Claude, OpenAI, Gemini and a few open source models are amazing.
Amazing is subjective. But even if I were to accept that adjective, are they amazing enough to be actually driving revenue to justify their costs (i.e. make profits)? Did consumers mass upgrade devices to access them? No to both. What does Apple sell?
Apple is planning on-device inference and their own server inference. It's not just outsourcing the models to OpenAI.
Yes you are repeating what I just said:
You're conflating multiple levels of Apple Intelligence together. Again primary purpose is to sell devices using on-device AI - the server-side models are merely there for when on-device is too small and then they outsource models when necessary.
It's three levels, but you are saying Apple has to squash that down to two and effectively remove OpenAI in order to not be a failure or even more extreme that the on-device model doesn't matter if they don't have the best server side model running on their own servers making only one level important. I fundamentally disagree. There are two other levels, the actual Apple levels, for a reason.
They plan to inference their own big models in the server. And if their own models suck compare to OpenAI, no one will care about Apple Intelligence. And guess what OpenAI uses? All HBM-based chips.
Again, what is Apple's revenue model? What is OpenAI's?
Think of it this way OpenAI or other services is the last level of Apple Intelligence. Apple uses it when they have to, but rapidly sinking billions upon billions of dollars into developing massive bespoke Apple LLMs to compete with the likes of Claude or ChatGPT or Gemini etc ... isn't, so far, what Apple has indicated that it wants to bring to the table. As you yourself said they aren't building their own massive training center to build said model are they? And that makes sense, doing so doesn't leverage their advantages and would expose them to the risks legal and economic while undercutting their privacy claims to Apple user data.
Relying on others to do that and outsourcing (which still undercuts their privacy claims, but gives them some distance - i.e. plausible deniability) lets them access that while they focus on what they want to succeed most at: on-device. Yes they also develop their own bespoke medium sized models for their own servers to soak up requests that they know cannot yet be done on-device but don't require something like OpenAI/cutting edge models. This edge-device and server-middle-ground may be less sexy right now but ultimately may be more impactful. Whether or not that pans out is of course up in the air, but, so far, that appears to be Apple's public strategy here* and it has merit.
*I have to add all these caveats (
appears,
public) because obviously I am neither sitting in Apple's boardroom nor even in an engineering cubicle. This is what makes sense to me from the outside based on what we can see Apple doing, their own statements thereof, and the general trends in Apple's business strategy for the last couple of decades.
While I agree power efficiency is critical for servers, I don't believe it's as critical as it is for mobile applications. I.e., I think operations/watt for laptops, tablets, and phones needs to be higher than operations/watt for servers.
Further, I suspect that's one of the reasons (but not the only reason) Apple has stayed with LPDDR since, from what I've read, HBM is more power-hungry. Quoting from a Jan 2024 article by Anton Shilov (
https://www.embedded.com/high-bandwidth-memory-hbm-options-for-demanding-compute/ ) :
"While unbeatable in terms of performance, HBM is expensive and power hungry for many applications, so there are developers that opt to use LPDDR5X for their bandwidth-demanding applications as this type of memory offers them the right balance of price, performance, and power consumption."
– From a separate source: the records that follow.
lemma homogeneous_sin_cos_eq_0_imp_coeff_eq_0:
  fixes c :: "nat \<Rightarrow> real"
  assumes vanish: "\<And>s. (\<Sum>j\<le>m. c j * cos s ^ j * sin s ^ (m - j)) = 0" and "j \<le> m"
  shows "c j = 0"
proof -
  have "(\<Sum>j\<le>m. c j * x ^ j) = 0" for x :: real
  proof -
    define r where "r = sqrt (x\<^sup>2 + 1)"
    have "r > 0" and r_squared: "r\<^sup>2 = x\<^sup>2 + 1"
      unfolding r_def by (auto intro: add_nonneg_pos)
    have "(x / r)\<^sup>2 + (1 / r)\<^sup>2 = 1"
      using \<open>r > 0\<close> by (simp add: power_divide flip: add_divide_distrib r_squared)
    txt \<open>Dehomogenise at the point of the circle in the direction of \<open>(x, 1)\<close>.\<close>
    then obtain s where s: "cos s = x / r" "sin s = 1 / r"
      using sincos_total_2pi by metis
    have "0 = (\<Sum>j\<le>m. c j * cos s ^ j * sin s ^ (m - j))"
      by (rule vanish[symmetric])
    also have "\<dots> = (\<Sum>j\<le>m. c j * x ^ j) / r ^ m"
      unfolding sum_divide_distrib
    proof (rule sum.cong)
      fix j assume "j \<in> {..m}"
      then have "r ^ m = r ^ j * r ^ (m - j)"
        by (simp flip: power_add)
      then show "c j * cos s ^ j * sin s ^ (m - j) = c j * x ^ j / r ^ m"
        by (simp add: s power_divide)
    qed simp
    finally show ?thesis
      using \<open>r > 0\<close> by simp
  qed
  then show ?thesis
    using polyfun_eq_0[of c m] assms(2) by blast
qed

inductive trig_poly :: "nat \<Rightarrow> (real \<Rightarrow> real) \<Rightarrow> bool" where
  trig_poly_monomial: "a + b \<le> d \<Longrightarrow> trig_poly d (\<lambda>t. cos t ^ a * sin t ^ b)"
| trig_poly_zero: "trig_poly d (\<lambda>t. 0)"
| trig_poly_add: "trig_poly d g \<Longrightarrow> trig_poly d h \<Longrightarrow> trig_poly d (\<lambda>t. g t + h t)"
| trig_poly_cmult: "trig_poly d g \<Longrightarrow> trig_poly d (\<lambda>t. c * g t)"

lemma trig_poly_cong:
  assumes "trig_poly d g" and "\<And>t. g t = h t"
  shows "trig_poly d h"
proof -
  have "g = h"
    using assms(2) by (rule ext)
  with assms(1) show ?thesis
    by simp
qed
text \<open>For one block the estimate is the usual one-step bound of accelerated linearized
  proximal methods. The descent lemma for the L-smooth part at the extrapolated point y,
  together with the gradient inequality of g at x^k and at the comparison point, bounds
  g(x^{k+1}); optimality of z^{k+1} for the strongly convex subproblem gives the three-point
  inequality, which bounds h(z^{k+1}) and, by convexity, h(x^{k+1}). The multiplier terms of the
  subproblem combine into the single linear term with the adjoint of the predicted multiplier.
  Dividing by theta_k^2 and using (1 - theta_{k+1}) / theta_{k+1}^2 = 1 / theta_k^2 gives the claim.\<close>

lemma theta_Suc_power2: "(theta (Suc k))^2 = (theta k)^2 * (1 - theta (Suc k))"
  \<comment> \<open>theta (Suc k) is the positive root of s^2 + (theta k)^2 s - (theta k)^2 = 0\<close>
proof -
  define t where "t = theta k"
  define s where "s = sqrt (t^4 + 4 * t^2)"
  have s2: "s^2 = t^4 + 4 * t^2"
    unfolding s_def by (intro real_sqrt_pow2) simp
  have "theta (Suc k) = (s - t^2) / 2"
    by (simp add: s_def t_def)
  then show ?thesis
    using s2 by (simp add: t_def [symmetric] power2_eq_square power4_eq_xxxx field_simps)
qed

lemma theta_pos_le_1: "0 < theta k \<and> theta k \<le> 1"
proof (induction k)
  case 0
  then show ?case by simp
next
  case (Suc k)
  define t where "t = theta k"
  define s where "s = theta (Suc k)"
  have "t > 0" using Suc t_def by simp
  have "t^2 < sqrt (t^4 + 4 * t^2)"
    using \<open>t > 0\<close> by (intro real_less_rsqrt) (simp add: power4_eq_xxxx power2_eq_square)
  then have "s > 0" by (simp add: s_def t_def)
  have "s^2 = t^2 * (1 - s)"
    unfolding s_def t_def by (rule theta_Suc_power2)
  then have "0 \<le> t^2 * (1 - s)" by (metis zero_le_power2)
  with \<open>t > 0\<close> have "s \<le> 1" by (simp add: zero_le_mult_iff)
  with \<open>s > 0\<close> show ?case unfolding s_def by simp
qed

lemma theta_ratio: "(1 - theta (Suc k)) / (theta (Suc k))^2 = 1 / (theta k)^2"
  using theta_Suc_power2 [of k] theta_pos_le_1 [of k] theta_pos_le_1 [of "Suc k"]
  by (simp add: field_simps)

lemma has_real_derivative_along_line:
  fixes g :: "'a::real_inner \<Rightarrow> real"
  assumes "\<And>u. (g has_derivative (\<lambda>d. G u \<bullet> d)) (at u)"
  shows "((\<lambda>s. g (y + s *\<^sub>R d)) has_real_derivative G (y + s *\<^sub>R d) \<bullet> d) (at s)"
proof -
  have "((\<lambda>s. y + s *\<^sub>R d) has_derivative (\<lambda>r. r *\<^sub>R d)) (at s)"
    by (auto intro!: derivative_eq_intros)
  from has_derivative_compose [OF this assms]
  show ?thesis
    by (simp add: has_field_derivative_def o_def mult_commute_abs)
qed

lemma lipschitz_gradient_descent:
  fixes g :: "'a::real_inner \<Rightarrow> real"
  assumes grad: "\<And>u. (g has_derivative (\<lambda>d. G u \<bullet> d)) (at u)"
    and lip: "\<And>u v. norm (G u - G v) \<le> L * norm (u - v)"
  shows "g (y + d) \<le> g y + G y \<bullet> d + L / 2 * (norm d)^2"
proof -
  define \<psi> where "\<psi> s = g (y + s *\<^sub>R d) - s * (G y \<bullet> d) - L / 2 * s^2 * (norm d)^2" for s
  have "\<psi> 1 \<le> \<psi> 0"
  proof (rule DERIV_nonpos_imp_nonincreasing [of 0 1 \<psi>])
    fix s :: real assume s: "0 \<le> s" "s \<le> 1"
    have "(G (y + s *\<^sub>R d) - G y) \<bullet> d \<le> norm (G (y + s *\<^sub>R d) - G y) * norm d"
      by (rule norm_cauchy_schwarz)
    also have "\<dots> \<le> L * norm (s *\<^sub>R d) * norm d"
      using lip [of "y + s *\<^sub>R d" y] by (intro mult_right_mono) auto
    finally have "(G (y + s *\<^sub>R d) - G y) \<bullet> d \<le> L * s * (norm d)^2"
      using s by (simp add: power2_eq_square)
    moreover have "(\<psi> has_real_derivative
        G (y + s *\<^sub>R d) \<bullet> d - G y \<bullet> d - L / 2 * (2 * s) * (norm d)^2) (at s)"
      unfolding \<psi>_def using has_real_derivative_along_line [OF grad, of y d s]
      by (auto intro!: derivative_eq_intros)
    ultimately show "\<exists>l. (\<psi> has_real_derivative l) (at s) \<and> l \<le> 0"
      by (auto simp: inner_diff_left)
  qed simp
  then show ?thesis by (simp add: \<psi>_def)
qed
section \<open>Max-divergence\<close>

lemma elog2_mono: "0 \<le> x \<Longrightarrow> x \<le> y \<Longrightarrow> elog2 x \<le> elog2 y"
  unfolding elog2_def by auto

lemma Dmax_mono:
  assumes "\<And>t. 0 \<le> t \<Longrightarrow> loewner_le d' \<rho>' (complex_of_real t \<cdot>\<^sub>m \<sigma>')
             \<Longrightarrow> loewner_le d \<rho> (complex_of_real t \<cdot>\<^sub>m \<sigma>)"
  shows "Dmax d \<rho> \<sigma> \<le> Dmax d' \<rho>' \<sigma>'"
proof -
  define L where "L = {t. 0 \<le> t \<and> loewner_le d \<rho> (complex_of_real t \<cdot>\<^sub>m \<sigma>)}"
  define L' where "L' = {t. 0 \<le> t \<and> loewner_le d' \<rho>' (complex_of_real t \<cdot>\<^sub>m \<sigma>')}"
  have D: "Dmax d \<rho> \<sigma> = (if L = {} then \<infinity> else elog2 (Inf L))"
    "Dmax d' \<rho>' \<sigma>' = (if L' = {} then \<infinity> else elog2 (Inf L'))"
    unfolding Dmax_def L_def L'_def Let_def by (rule refl)+
  have sub: "L' \<subseteq> L" using assms unfolding L_def L'_def by auto
  show ?thesis
  proof (cases "L' = {}")
    case True
    then show ?thesis unfolding D by simp
  next
    case False
    then have "L \<noteq> {}" using sub by blast
    moreover have "Inf L \<le> Inf L'"
      by (rule cInf_superset_mono[OF False _ sub]) (auto simp: L_def intro!: bdd_belowI[of _ 0])
    moreover have "0 \<le> Inf L"
      using \<open>L \<noteq> {}\<close> unfolding L_def by (intro cInf_greatest) auto
    ultimately show ?thesis unfolding D using False by (simp add: elog2_mono)
  qed
qed

lemma Dmax_smult_right:
  assumes c: "0 < c"
  shows "Dmax n A (complex_of_real c \<cdot>\<^sub>m B) = Dmax n A B - ereal (log 2 c)"
proof -
  define L where "L = {t. 0 \<le> t \<and> loewner_le n A (complex_of_real t \<cdot>\<^sub>m B)}"
  have "{t. 0 \<le> t \<and> loewner_le n A (complex_of_real t \<cdot>\<^sub>m (complex_of_real c \<cdot>\<^sub>m B))}
      = (\<lambda>t. t / c) ` L"
  proof -
    have "t \<in> (\<lambda>t. t / c) ` L \<longleftrightarrow> t * c \<in> L" for t
      using c by (auto simp: image_iff intro: bexI[of _ "t * c"])
    then show ?thesis
      unfolding L_def using c by (auto simp: smult_smult_mat zero_le_mult_iff mult.commute)
  qed
  then have D: "Dmax n A B = (if L = {} then \<infinity> else elog2 (Inf L))"
    "Dmax n A (complex_of_real c \<cdot>\<^sub>m B)
       = (if L = {} then \<infinity> else elog2 (Inf ((\<lambda>t. t / c) ` L)))"
    unfolding Dmax_def Let_def L_def[symmetric] by simp_all
  show ?thesis
  proof (cases "L = {}")
    case True
    then show ?thesis unfolding D by simp
  next
    case False
    have "bdd_below L" unfolding L_def by (auto intro!: bdd_belowI[of _ 0])
    moreover have "continuous (at_right (Inf L)) (\<lambda>t. t / c)"
      using c by (intro continuous_intros) auto
    ultimately have "Inf ((\<lambda>t. t / c) ` L) = Inf L / c"
      using continuous_at_Inf_mono[of "\<lambda>t. t / c" L] c False
      by (auto simp: mono_def divide_right_mono)
    moreover have "0 \<le> Inf L"
      using False unfolding L_def by (intro cInf_greatest) auto
    ultimately show ?thesis
      unfolding D using False c by (auto simp: elog2_def log_divide)
  qed
qed

lemma Dmax_reindex_bij:
  assumes f: "bij_betw f {..<n} {..<n}" and A: "A \<in> carrier_mat n n" and B: "B \<in> carrier_mat n n"
  shows "Dmax n (mat n n (\<lambda>(r,c). A $$ (f r, f c))) (mat n n (\<lambda>(r,c). B $$ (f r, f c))) = Dmax n A B"
proof -
  have f_less: "f i < n" if "i < n" for i using f that by (auto dest: bij_betwE)
  have "loewner_le n (mat n n (\<lambda>(r,c). A $$ (f r, f c))) (t \<cdot>\<^sub>m mat n n (\<lambda>(r,c). B $$ (f r, f c)))
     \<longleftrightarrow> loewner_le n A (t \<cdot>\<^sub>m B)" for t
  proof -
    have "t \<cdot>\<^sub>m mat n n (\<lambda>(r,c). B $$ (f r, f c)) - mat n n (\<lambda>(r,c). A $$ (f r, f c))
        = mat n n (\<lambda>(r,c). (t \<cdot>\<^sub>m B - A) $$ (f r, f c))"
      using A B f_less by (intro eq_matI) auto
    moreover have "t \<cdot>\<^sub>m B - A \<in> carrier_mat n n" using A B by auto
    ultimately show ?thesis
      unfolding loewner_le_def using psd_reindex_bij_iff[OF f] A B by auto
  qed
  then show ?thesis unfolding Dmax_def by simp
qed

lemma linear_map_on_smult_diff:
  assumes N: "linear_map_on din dout N" and M: "linear_map_on din dout M"
  shows "linear_map_on din dout (\<lambda>X. c \<cdot>\<^sub>m M X - N X)"
proof -
  have MN: "M X \<in> carrier_mat dout dout" "N X \<in> carrier_mat dout dout"
    if "X \<in> carrier_mat din din" for X
    using linear_map_on_carrier[OF M that] linear_map_on_carrier[OF N that] by auto
  show ?thesis
    unfolding linear_map_on_def
  proof (intro conjI ballI allI)
    fix X Y :: "complex mat" and a :: complex
    assume X: "X \<in> carrier_mat din din" and Y: "Y \<in> carrier_mat din din"
    show "c \<cdot>\<^sub>m M X - N X \<in> carrier_mat dout dout"
      using MN[OF X] by auto
    show "c \<cdot>\<^sub>m M (X + Y) - N (X + Y) = c \<cdot>\<^sub>m M X - N X + (c \<cdot>\<^sub>m M Y - N Y)"
      unfolding linear_map_on_add[OF M X Y] linear_map_on_add[OF N X Y] using MN[OF X] MN[OF Y]
      by (intro eq_matI) (auto simp: algebra_simps)
    show "c \<cdot>\<^sub>m M (a \<cdot>\<^sub>m X) - N (a \<cdot>\<^sub>m X) = a \<cdot>\<^sub>m (c \<cdot>\<^sub>m M X - N X)"
      unfolding linear_map_on_smult[OF M X] linear_map_on_smult[OF N X] using MN[OF X]
      by (intro eq_matI) (auto simp: algebra_simps)
  qed
qed
(* Assume the Setting below with $q<n\le2p$. Fix an integer $N\in[2p,4p]$. Then for every $\xi_*\in(0,E_0)$ such that $\Lambda_n(\xi_* )\neq0$ and $\Lambda_n'(\xi_* )<0$ there exists a solution $v_*(t)$ of $du/dt=\sum_{k=n}^Nt^{-k/q}\Lambda_k(u)$, defined for all large $t$, with $v_*(t)=\xi_*+O(t^{-1/q})$ as $t\to\infty$.
   Context: Setting: for the Itô system $d{\bf z}={\bf a}({\bf z},t)dt+{\bf A}({\bf z},t)d{\bf w}$ in $\mathbb R^2$ (${\bf w}$ a 2D Wiener process) with deterministic smooth coefficients, ${\bf a}(0,t)\equiv0$, asymptotic expansions ${\bf a}\sim{\bf a}_0+\sum_{k\ge1}t^{-k/q}{\bf a}_k$, ${\bf A}\sim\sum_{k\ge1}t^{-k/q}{\bf A}_k$ ($q\in\mathbb Z_+$) uniformly near the origin, ${\bf a}_0=(\partial_yH_0,-\partial_xH_0)^T$ with $H_0=|{\bf z}|^2/2+O(|{\bf z}|^3)$ whose level sets $\{H_0=E\}$, $E\in(0,E_0]$, near the origin are closed curves carrying periodic solutions $(x_*,y_* )(t,E)$ (normalized $x_*(0,E)>0$, $y_*(0,E)=0$) of frequency $\nu(E)=1+O(E)$, $\nu\neq0$; $p\in\mathbb Z_+$ minimal with ${\bf A}_p(0)\neq0$. With energy–angle variables $x=X(\varphi,E)=x_*(\varphi/\nu(E),E)$, $y=Y(\varphi,E)=y_*(\varphi/\nu(E),E)$, inverse $E=I(x,y)$, $\varphi=\Phi(x,y)$, and generator $LU=\partial_tU+(\nabla U)^T{\bf a}+\frac12\mathrm{tr}({\bf A}^T{\bf H}(U){\bf A})$, the averaged coefficients $\Lambda_k(E)$ and $v_k(E,\varphi)$ ($2\pi$-periodic, zero $\varphi$-mean), $k\ge1$, are uniquely determined order by order by $L[V_N(I,\Phi,t)]=\sum_{k=1}^Nt^{-k/q}\Lambda_k(V_N)+O(t^{-(N+1)/q})$ for every $N$, where $V_N=E+\sum_{k=1}^Nt^{-k/q}v_k(E,\varphi)$. $n\le2p$ is the smallest index with $\Lambda_k\equiv0$ for $k<n$, $\Lambda_n\not\equiv0$. *)

theory Defs
  imports "HOL-Analysis.Analysis" "HOL-Library.Landau_Symbols"
begin

definition smooth_on :: "real set \<Rightarrow> (real \<Rightarrow> real) \<Rightarrow> bool" where
  "smooth_on S f \<longleftrightarrow> (\<forall>m. ((deriv ^^ m) f) differentiable_on S)"

end

theory Submission
  imports Defs
begin

text \<open>The substitution \<open>\<tau> = t powr (-1/q)\<close> turns the equation into
  \<open>du/d\<tau> = -q \<Sum>k. \<tau>^(k-q-1) \<Lambda> k u\<close>. Since every \<open>k\<close> exceeds \<open>q\<close>, the new
  right-hand side is polynomial in \<open>\<tau>\<close> and Lipschitz in \<open>u\<close> near \<open>\<xi>\<close>, so Picard
  iteration gives a solution on some \<open>[0, h]\<close> with \<open>u 0 = \<xi>\<close> and \<open>|u \<tau> - \<xi>| \<le> M \<tau>\<close>.
  Going back to \<open>t = \<tau> powr -q\<close> yields a solution for \<open>t > h powr -q\<close> with
  \<open>v t - \<xi> = O(t powr (-1/q))\<close>.\<close>

lemma lipschitz_on_sum:
  fixes f :: "'k \<Rightarrow> 'a::metric_space \<Rightarrow> 'b::real_normed_vector"
  assumes "finite K" "\<And>k. k \<in> K \<Longrightarrow> (L k)-lipschitz_on U (f k)"
  shows "(\<Sum>k\<in>K. L k)-lipschitz_on U (\<lambda>x. \<Sum>k\<in>K. f k x)"
  using assms by (induction K rule: finite_induct) (auto intro: lipschitz_on_add lipschitz_on_constant)

lemma lipschitz_on_clamp_compose:
  fixes f :: "'a::euclidean_space \<Rightarrow> 'b::metric_space"
  assumes f: "L-lipschitz_on (cbox a b) f"
  shows "L-lipschitz_on UNIV (\<lambda>x. f (clamp a b x))"
proof (cases "\<forall>i\<in>Basis. a \<bullet> i \<le> b \<bullet> i")
  case True
  have "1-lipschitz_on UNIV (clamp a b)"
    by (rule lipschitz_onI) (simp_all add: dist_clamps_le_dist_args)
  moreover have "L-lipschitz_on (range (clamp a b)) f"
    using True by (auto intro: lipschitz_on_subset[OF f])
  ultimately show ?thesis
    using lipschitz_on_compose2[of 1 UNIV "clamp a b" L f] by simp
next
  case False
  then have "clamp a b = (\<lambda>_. a)"
    by (meson clamp_empty_interval not_le)
  then show ?thesis
    using lipschitz_on_nonneg[OF f] by (simp add: lipschitz_on_def)
qed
Of course, Apple could put HBM in a server chip while staying with LPDDR in its other chips but, at least thus far, to save time and development costs, Apple has maintanined design consistency across all its M-series chips (e.g., they share the same CPU and GPU cores).
HBM may be more power hungry overall than LPDDR but as the article states it's not necessarily so as a function of bandwidth. But its bandwidth and power doesn't really make sense for most applications that Apple competes in - 8GB of HBM simply wouldn't make sense on a phone even if the power was the same or less than LPDDR - it still doesn't make sense even for Max or Ultra. It would be way too expensive and the bandwidth (I'm not sure what that would be since bandwidth is a function of stack size/number) would likely be overkill and I'm not even sure what the latency would be relative to LPDDR. But the expense would make even Apple's LPDDR packaging look like small potatoes.
With the exception of some Navi products that AMD has never attempted again, no one uses relatively small amounts of HBM in a consumer product - and arguably AMD's lack of trying since further proves it just isn't a workable idea, certainly not a mass market one. HBM's best use is when it's deployed en masse on high end data center chips. This may raise the absolute power cost but it probably delivers bandwidth at better power rates - i.e. if LPDDR could deliver the same bandwidth as HBM3/e (and it possibly could if you just kept adding memory busses, I'm not sure what the limit is if there is one) its power costs would likely be as high if not higher whilst the advantage of LPDDR is for a wide range of capacities you can still get really high bandwidth at low power for cheaper than HBM. This allows you to build mass market devices with lots of bandwidth and low power.